Lawmakers and experts are expressing concerns that the draft American Privacy Rights Act does not do enough to rein in data brokers. 

The debate centers in large part on a provision in the draft bill that would require consumers to request that each data broker delete their data one by one instead of giving individuals the ability to make one delete request to all registered brokers with the push of a button, as is now the case in California.

“Under APRA’s current draft a consumer would have to individually visit 871 data brokers’ websites and affirmatively delete their personal data,” Rep. Lori Trahan (D-MA) said at a House Energy and Commerce Committee hearing on Wednesday. “That's how many have registered in the state of Vermont and that's just not feasible.”
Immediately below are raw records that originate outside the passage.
lemma eq_0_if_vec_mat_mult_eq_0:
  fixes M :: "nat \<Rightarrow> nat \<Rightarrow> 'a::field"
  assumes orth: "\<forall>i<e. \<forall>k<e. (\<Sum>j<e. M i j * M k j) = (if i = k then \<gamma> else 0)"
    and "\<gamma> \<noteq> 0" and "set (vec_mat_mult e M v) \<subseteq> {0}" and "l < e"
  shows "v l = 0"
proof -
  have "\<gamma> * v l = \<gamma> * (\<Sum>i<e. v i * (if i = l then 1 else 0))"
    using \<open>l < e\<close> by (simp add: if_distrib sum.delta cong: if_cong)
  also have "\<dots> = sum_list (map2 (*) (vec_mat_mult e M v) (vec_mat_mult e M (\<lambda>i. if i = l then 1 else 0)))"
    by (rule inner_vec_mat_mult[OF orth, symmetric])
  also have "\<dots> = 0"
  proof -
    have "vec_mat_mult e M v ! k = 0" if "k < e" for k
      using assms(3) nth_mem[of k "vec_mat_mult e M v"] that by fastforce
    then show ?thesis by (simp add: sum_list_map2_eq_sum_nth)
  qed
  finally show ?thesis using \<open>\<gamma> \<noteq> 0\<close> by simp
qed

lemma poly_pderiv_eq_0_if_double_root:
  fixes p :: "'a::idom poly"
  assumes "[:- a, 1:] ^ 2 dvd p"
  shows "poly (pderiv p) a = 0"
proof -
  obtain q where p: "p = [:- a, 1:] ^ Suc 1 * q"
    using assms by (auto simp: numeral_2_eq_2 elim: dvdE)
  have "pderiv p = [:- a, 1:] ^ Suc 1 * pderiv q + smult (of_nat (Suc 1)) (q * [:- a, 1:] ^ 1)"
    unfolding p by (rule lemma_order_pderiv1)
  then show ?thesis
    by simp
qed

locale uf_split =
  fixes e :: nat and \<alpha> :: "nat \<Rightarrow> 'a::field"
  assumes uf_eq_prod: "uf e = (\<Prod>i<e. [:- \<alpha> i, 1:])"
    and of_nat_e_nonzero: "of_nat e \<noteq> (0::'a)"
begin

lemma uf_nonzero: "uf e \<noteq> (0::'a poly)"
  by (simp add: uf_eq_prod)

lemma degree_uf: "degree (uf e :: 'a poly) = e"
  by (simp add: uf_eq_prod degree_prod_eq_sum_degree)

lemma e_pos: "0 < e"
  using uf_nonzero by (cases e) (simp_all add: uf_def)

lemma poly_uf_alpha: "i < e \<Longrightarrow> poly (uf e) (\<alpha> i) = 0"
  by (auto simp: uf_eq_prod poly_prod)

lemma poly_pderiv_uf_nonzero:
  assumes "poly (uf e) a = (0::'a)"
  shows "poly (pderiv (uf e)) a \<noteq> 0"
proof
  assume "poly (pderiv (uf e)) a = 0"
  moreover have "pderiv (uf e :: 'a poly) = monom (of_nat e) (e - 1)"
    by (simp add: uf_def pderiv_diff pderiv_monom)
  ultimately have "of_nat e * a ^ (e - 1) = 0" and "a ^ e = 1"
    using assms by (simp_all add: uf_def poly_monom)
  then show False
    using of_nat_e_nonzero e_pos by (cases e) auto
qed

lemma inj_on_alpha: "inj_on \<alpha> {..<e}"
proof (rule inj_onI, rule ccontr)
  fix i k assume ik: "i \<in> {..<e}" "k \<in> {..<e}" "\<alpha> i = \<alpha> k" "i \<noteq> k"
  have "(\<Prod>j\<in>{i, k}. [:- \<alpha> j, 1:]) dvd uf e"
    unfolding uf_eq_prod using ik by (intro prod_dvd_prod_subset) auto
  then have "[:- \<alpha> i, 1:] ^ 2 dvd uf e"
    using ik(3,4) by (simp add: power2_eq_square)
  then have "poly (pderiv (uf e)) (\<alpha> i) = 0"
    by (rule poly_pderiv_eq_0_if_double_root)
  then show False
    using poly_pderiv_uf_nonzero poly_uf_alpha ik(1) by blast
qed

lemma eq_0_if_poly_alpha_eq_0:
  assumes "degree r < e" and "\<forall>i<e. poly r (\<alpha> i) = 0"
  shows "r = 0"
proof (rule poly_eqI_degree[of "\<alpha> ` {..<e}"])
  show "card (\<alpha> ` {..<e}) > degree r" and "card (\<alpha> ` {..<e}) > degree 0"
    using assms(1) e_pos by (simp_all add: card_image inj_on_alpha)
qed (use assms(2) in auto)

lemma degree_mod_uf: "degree (r mod uf e :: 'a poly) < e"
  using degree_mod_less[OF uf_nonzero, of r] degree_uf e_pos by auto

lemma mod_uf_eq_0_iff: "r mod uf e = (0::'a poly) \<longleftrightarrow> (\<forall>i<e. poly r (\<alpha> i) = 0)"
  using eq_0_if_poly_alpha_eq_0[OF degree_mod_uf] poly_mod[OF poly_uf_alpha]
  by (metis poly_0)

lemma Ghat_eq_prod:
  assumes "i < e"
  shows "Ghat e \<alpha> i = (\<Prod>j\<in>{..<e}-{i}. [:- \<alpha> j, 1:])"
proof -
  have "uf e = Gp \<alpha> i * (\<Prod>j\<in>{..<e}-{i}. [:- \<alpha> j, 1:])"
    unfolding uf_eq_prod Gp_def using assms by (intro prod.remove) auto
  moreover have "Gp \<alpha> i \<noteq> 0"
    by (simp add: Gp_def)
  ultimately show ?thesis
    unfolding Ghat_def by simp
qed

lemma poly_Ghat_alpha: "i < e \<Longrightarrow> k < e \<Longrightarrow> poly (Ghat e \<alpha> i) (\<alpha> k) = 0 \<longleftrightarrow> k \<noteq> i"
  using inj_on_alpha by (auto simp: Ghat_eq_prod poly_prod inj_on_def)

lemma hcoef_bezout:
  assumes "i < e"
  shows "\<exists>z. z * Gp \<alpha> i + hcoef e \<alpha> i * Ghat e \<alpha> i = 1"
proof -
  define c where "c = poly (Ghat e \<alpha> i) (\<alpha> i)"
  have "c \<noteq> 0" using poly_Ghat_alpha[OF assms assms] by (simp add: c_def)
  have "poly (Ghat e \<alpha> i - [:c:]) (\<alpha> i) = 0" by (simp add: c_def)
  then obtain Q where "Ghat e \<alpha> i - [:c:] = Gp \<alpha> i * Q"
    unfolding poly_eq_0_iff_dvd Gp_def by (auto elim: dvdE)
  then have "Ghat e \<alpha> i = [:c:] + Gp \<alpha> i * Q"
    by (simp add: algebra_simps)
  then have "smult (- inverse c) Q * Gp \<alpha> i + [:inverse c:] * Ghat e \<alpha> i = 1"
    using \<open>c \<noteq> 0\<close> by (simp add: algebra_simps one_pCons)
  then have "\<exists>h z. z * Gp \<alpha> i + h * Ghat e \<alpha> i = 1"
    by blast
  then show ?thesis
    unfolding hcoef_def by (rule someI_ex)
qed

lemma poly_mu_alpha:
  assumes "i < e" and "k < e"
  shows "poly (mu e \<alpha> i) (\<alpha> k) = (if k = i then 1 else 0)"
proof -
  obtain z where "z * Gp \<alpha> i + hcoef e \<alpha> i * Ghat e \<alpha> i = 1"
    using hcoef_bezout[OF assms(1)] by blast
  then have "poly (z * Gp \<alpha> i + hcoef e \<alpha> i * Ghat e \<alpha> i) (\<alpha> i) = 1"
    by simp
  then have "poly (hcoef e \<alpha> i) (\<alpha> i) * poly (Ghat e \<alpha> i) (\<alpha> i) = 1"
    by (simp add: Gp_def)
  moreover have "poly (mu e \<alpha> i) (\<alpha> k) = poly (hcoef e \<alpha> i) (\<alpha> k) * poly (Ghat e \<alpha> i) (\<alpha> k)"
    unfolding mu_def using poly_mod[OF poly_uf_alpha[OF assms(2)]] by simp
  ultimately show ?thesis
    using poly_Ghat_alpha[OF assms] by auto
qed

lemma degree_mu: "degree (mu e \<alpha> i) < e"
  unfolding mu_def by (rule degree_mod_uf)

lemma coords_eq_poly:
  assumes "degree r < e"
  shows "coords e \<alpha> r = (\<lambda>i. if i < e then poly r (\<alpha> i) else 0)"
  unfolding coords_def
proof (rule the_equality)
  let ?s = "\<lambda>i. if i < e then poly r (\<alpha> i) else 0"
  have "r - (\<Sum>i<e. smult (?s i) (mu e \<alpha> i)) = 0"
  proof (rule eq_0_if_poly_alpha_eq_0)
    show "degree (r - (\<Sum>i<e. smult (?s i) (mu e \<alpha> i))) < e"
      using assms e_pos
      by (intro degree_diff_less degree_sum_less le_less_trans[OF degree_smult_le degree_mu])
    show "\<forall>k<e. poly (r - (\<Sum>i<e. smult (?s i) (mu e \<alpha> i))) (\<alpha> k) = 0"
      by (auto simp: poly_sum poly_mu_alpha if_distrib cong: if_cong)
  qed
  then show "(\<forall>i. e \<le> i \<longrightarrow> ?s i = 0) \<and> r = (\<Sum>i<e. smult (?s i) (mu e \<alpha> i))"
    by simp
next
  fix s assume s: "(\<forall>i. e \<le> i \<longrightarrow> s i = 0) \<and> r = (\<Sum>i<e. smult (s i) (mu e \<alpha> i))"
  have "poly r (\<alpha> k) = s k" if "k < e" for k
    using s that by (simp add: poly_sum poly_mu_alpha if_distrib cong: if_cong)
  then show "s = (\<lambda>i. if i < e then poly r (\<alpha> i) else 0)"
    using s by (auto simp: not_less)
qed

lemma poly_Rmult_alpha: "k < e \<Longrightarrow> poly (Rmult e a b) (\<alpha> k) = poly a (\<alpha> k) * poly b (\<alpha> k)"
  unfolding Rmult_def by (simp add: poly_mod[OF poly_uf_alpha])

lemma R_inner_eq_0_iff:
  "R_inner e x y = 0 \<longleftrightarrow> (\<forall>i<e. poly (\<Sum>j<length x. x ! j * y ! j) (\<alpha> i) = 0)"
  unfolding R_inner_def by (rule mod_uf_eq_0_iff)

lemma gray_eq_concat:
  assumes "x \<in> Rvecs e n"
  shows "gray e \<alpha> M x = concat (map (\<lambda>r. vec_mat_mult e M (\<lambda>i. poly r (\<alpha> i))) x)"
  unfolding gray_def vec_mat_mult_def
proof (intro arg_cong[where f = concat] map_cong refl)
  fix r assume "r \<in> set x"
  then have "degree r < e"
    using assms by (auto simp: Rvecs_def Rset_def)
  then show "(\<Sum>i<e. coords e \<alpha> r i * M i k) = (\<Sum>i<e. poly r (\<alpha> i) * M i k)" for k
    by (simp add: coords_eq_poly)
qed

lemma length_gray: "x \<in> Rvecs e n \<Longrightarrow> length (gray e \<alpha> M x) = e * n"
  by (simp add: gray_eq_concat length_concat comp_def sum_list_triv Rvecs_def)

lemma poly_inner_Rmult_mu:
  assumes "i < e" and "k < e"
  shows "poly (\<Sum>j<n. Rmult e (mu e \<alpha> i) (x ! j) * y ! j) (\<alpha> k)
       = (if k = i then poly (\<Sum>j<n. x ! j * y ! j) (\<alpha> k) else 0)"
  using assms by (simp add: poly_sum poly_Rmult_alpha poly_mu_alpha)

end

locale orthogonal_gray = uf_split e \<alpha> for e and \<alpha> :: "nat \<Rightarrow> 'a::field" +
  fixes M :: "nat \<Rightarrow> nat \<Rightarrow> 'a" and \<gamma> :: 'a
  assumes orth: "\<forall>i<e. \<forall>k<e. (\<Sum>j<e. M i j * M k j) = (if i = k then \<gamma> else 0)"
    and gamma_nonzero: "\<gamma> \<noteq> 0"
begin

lemma inner_gray:
  assumes x: "x \<in> Rvecs e n" and y: "y \<in> Rvecs e n"
  shows "(\<Sum>k<e * n. gray e \<alpha> M x ! k * gray e \<alpha> M y ! k)
       = \<gamma> * (\<Sum>i<e. poly (\<Sum>j<n. x ! j * y ! j) (\<alpha> i))"
proof -
  let ?v = "\<lambda>r. vec_mat_mult e M (\<lambda>i. poly r (\<alpha> i))"
  have n: "length x = n" "length y = n"
    using x y by (simp_all add: Rvecs_def)
  have "(\<Sum>k<e * n. gray e \<alpha> M x ! k * gray e \<alpha> M y ! k)
      = sum_list (map2 (*) (concat (map ?v x)) (concat (map ?v y)))"
    using length_gray[OF x] length_gray[OF y]
    by (simp add: sum_list_map2_eq_sum_nth gray_eq_concat[OF x] gray_eq_concat[OF y])
  also have "\<dots> = sum_list (map2 (\<lambda>r s. sum_list (map2 (*) (?v r) (?v s))) x y)"
    using n by (intro sum_list_map2_mult_concat) simp_all
  also have "\<dots> = (\<Sum>j<n. \<gamma> * (\<Sum>i<e. poly (x ! j) (\<alpha> i) * poly (y ! j) (\<alpha> i)))"
    using n by (simp add: sum_list_map2_eq_sum_nth inner_vec_mat_mult[OF orth])
  also have "\<dots> = \<gamma> * (\<Sum>i<e. poly (\<Sum>j<n. x ! j * y ! j) (\<alpha> i))"
    by (simp add: poly_sum sum_distrib_left sum.swap[of _ "{..<n}"])
  finally show ?thesis .
qed

lemma gray_eq_0_iff:
  assumes x: "x \<in> Rvecs e n"
  shows "gray e \<alpha> M x = replicate (e * n) 0 \<longleftrightarrow> x = replicate n 0"
proof
  assume "gray e \<alpha> M x = replicate (e * n) 0"
  then have "set (concat (map (\<lambda>r. vec_mat_mult e M (\<lambda>i. poly r (\<alpha> i))) x)) \<subseteq> {0}"
    by (simp add: gray_eq_concat[OF x] set_replicate_conv_if)
  then have blocks: "set (vec_mat_mult e M (\<lambda>i. poly r (\<alpha> i))) \<subseteq> {0}" if "r \<in> set x" for r
    using that by auto
  have "poly r (\<alpha> i) = 0" if "r \<in> set x" and "i < e" for r i
    using eq_0_if_vec_mat_mult_eq_0[OF orth gamma_nonzero blocks[OF that(1)] that(2)] by simp
  moreover have "degree r < e" if "r \<in> set x" for r
    using x that by (auto simp: Rvecs_def Rset_def)
  ultimately show "x = replicate n 0"
    using x eq_0_if_poly_alpha_eq_0 by (auto simp: Rvecs_def intro: replicate_eqI)
next
  assume "x = replicate n 0"
  then have "set (gray e \<alpha> M x) \<subseteq> {0}"
    unfolding gray_eq_concat[OF x] by (auto simp: vec_mat_mult_def)
  then show "gray e \<alpha> M x = replicate (e * n) 0"
    using length_gray[OF x] by (intro replicate_eqI) auto
qed

lemma gray_mem_F_dual_iff:
  assumes lin: "linear_code_R e n C" and yC: "y \<in> C"
  shows "gray e \<alpha> M y \<in> F_dual (e * n) (gray e \<alpha> M ` C) \<longleftrightarrow> y \<in> R_dual e n C"
proof -
  let ?S = "\<lambda>x. \<Sum>j<n. x ! j * y ! j"
  have CR: "C \<subseteq> Rvecs e n"
    using lin by (simp add: linear_code_R_def)
  then have y: "y \<in> Rvecs e n" and len: "\<And>x. x \<in> C \<Longrightarrow> length x = n"
    using yC by (auto simp: Rvecs_def)
  have "(\<Sum>k<e * n. gray e \<alpha> M x ! k * gray e \<alpha> M y ! k) = 0
        \<longleftrightarrow> (\<Sum>i<e. poly (?S x) (\<alpha> i)) = 0" if "x \<in> C" for x
    using inner_gray[OF subsetD[OF CR that] y] gamma_nonzero by simp
  then have "gray e \<alpha> M y \<in> F_dual (e * n) (gray e \<alpha> M ` C)
        \<longleftrightarrow> (\<forall>x\<in>C. (\<Sum>i<e. poly (?S x) (\<alpha> i)) = 0)"
    by (auto simp: F_dual_def length_gray[OF y])
  also have "\<dots> \<longleftrightarrow> (\<forall>x\<in>C. \<forall>i<e. poly (?S x) (\<alpha> i) = 0)"
  proof (intro ballI iffI)
    fix x assume sums: "\<forall>x\<in>C. (\<Sum>i<e. poly (?S x) (\<alpha> i)) = 0" and xC: "x \<in> C"
    show "\<forall>i<e. poly (?S x) (\<alpha> i) = 0"
    proof (intro allI impI)
      fix i assume i: "i < e"
      \<comment> \<open>the idempotent \<open>\<mu>\<^sub>i\<close> isolates the \<open>i\<close>-th component of the inner product\<close>
      have "map (Rmult e (mu e \<alpha> i)) x \<in> C"
        using lin xC degree_mu by (simp add: linear_code_R_def Rset_def)
      then have "(\<Sum>k<e. poly (\<Sum>j<n. Rmult e (mu e \<alpha> i) (x ! j) * y ! j) (\<alpha> k)) = 0"
        using sums len[OF xC] by auto
      also have "(\<Sum>k<e. poly (\<Sum>j<n. Rmult e (mu e \<alpha> i) (x ! j) * y ! j) (\<alpha> k))
               = (\<Sum>k<e. if k = i then poly (?S x) (\<alpha> k) else 0)"
        using i by (intro sum.cong) (simp_all add: poly_inner_Rmult_mu)
      finally show "poly (?S x) (\<alpha> i) = 0"
        using i by simp
    qed
  qed simp
  also have "\<dots> \<longleftrightarrow> y \<in> R_dual e n C"
    using y len by (simp add: R_dual_def R_inner_eq_0_iff)
  finally show ?thesis .
qed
California, Texas, Oregon and Vermont now require data brokers to register, but only California offers a one-stop shop for consumers to request their data to be deleted. 

Trahan, who is co-sponsoring a Delete Act similar to California’s law, noted that a previous version of comprehensive federal privacy legislation, the American Data Privacy and Protection Act (ADPPA), contained language creating a centralized opt-out tool for consumers seeking deletion of their data.

That bill passed out of committee with a 53-2 vote in 2022 but was never brought to a vote on the House floor. APRA is an attempt to revive that legislation, but some elements have been tweaked, including the data broker language.

Rep. Frank Pallone, Jr. (D-NJ), the minority leader of the Energy and Commerce Committee, echoed Trahan in his opening remarks at Wednesday’s hearing, saying the committee should “explore whether there are additional tools that we can give consumers to control the data in the possession of data brokers.”

Despite its flaws, APRA would take important steps to minimize the data brokers can collect, store and sell about consumers, testified Samir Jain, vice president of policy at the Center for Democracy and Technology.

Other experts have lamented that the draft legislation creates loopholes allowing many data brokers to dodge the law.

For example, the draft bill defines data brokers only as third party data collectors, or those trading in data for consumers they do not have any direct relationship with, which would exclude a large portion of the overall ecosystem.

The industry relies heavily on first-party collectors, such as mobile apps that sell customer information, data broker expert Justin Sherman said in an interview with Recorded Future News. He added that there would be almost no market for hundreds of millions of people's geolocation data if mobile apps — first party collectors — were not selling data belonging to their own users. 

The draft bill also fails to regulate many of the largest data brokers by including language that says only companies whose biggest source of revenue comes from selling data are covered by the legislation, said Sherman, who is CEO of Global Cyber Strategies and led a Duke University study showing how data brokers sell military service members’ financial, health and other data.

“This idea Congress has that data brokers are only third parties is misguided, but it's also silly to say that you need to make a majority of your revenue from brokering data,” Sherman said, citing the fact that some of the largest data brokers in existence, including Oracle, Thomson Reuters and LexisNexis, have separate and profitable lines of business which likely jointly account for a majority of their revenue.

The APRA committee hearing unfolded the same day as the House passed a tough anti-data broker bill known as the Fourth Amendment is Not for Sale Act, which would prohibit the government from buying citizens’ data from brokers without a warrant.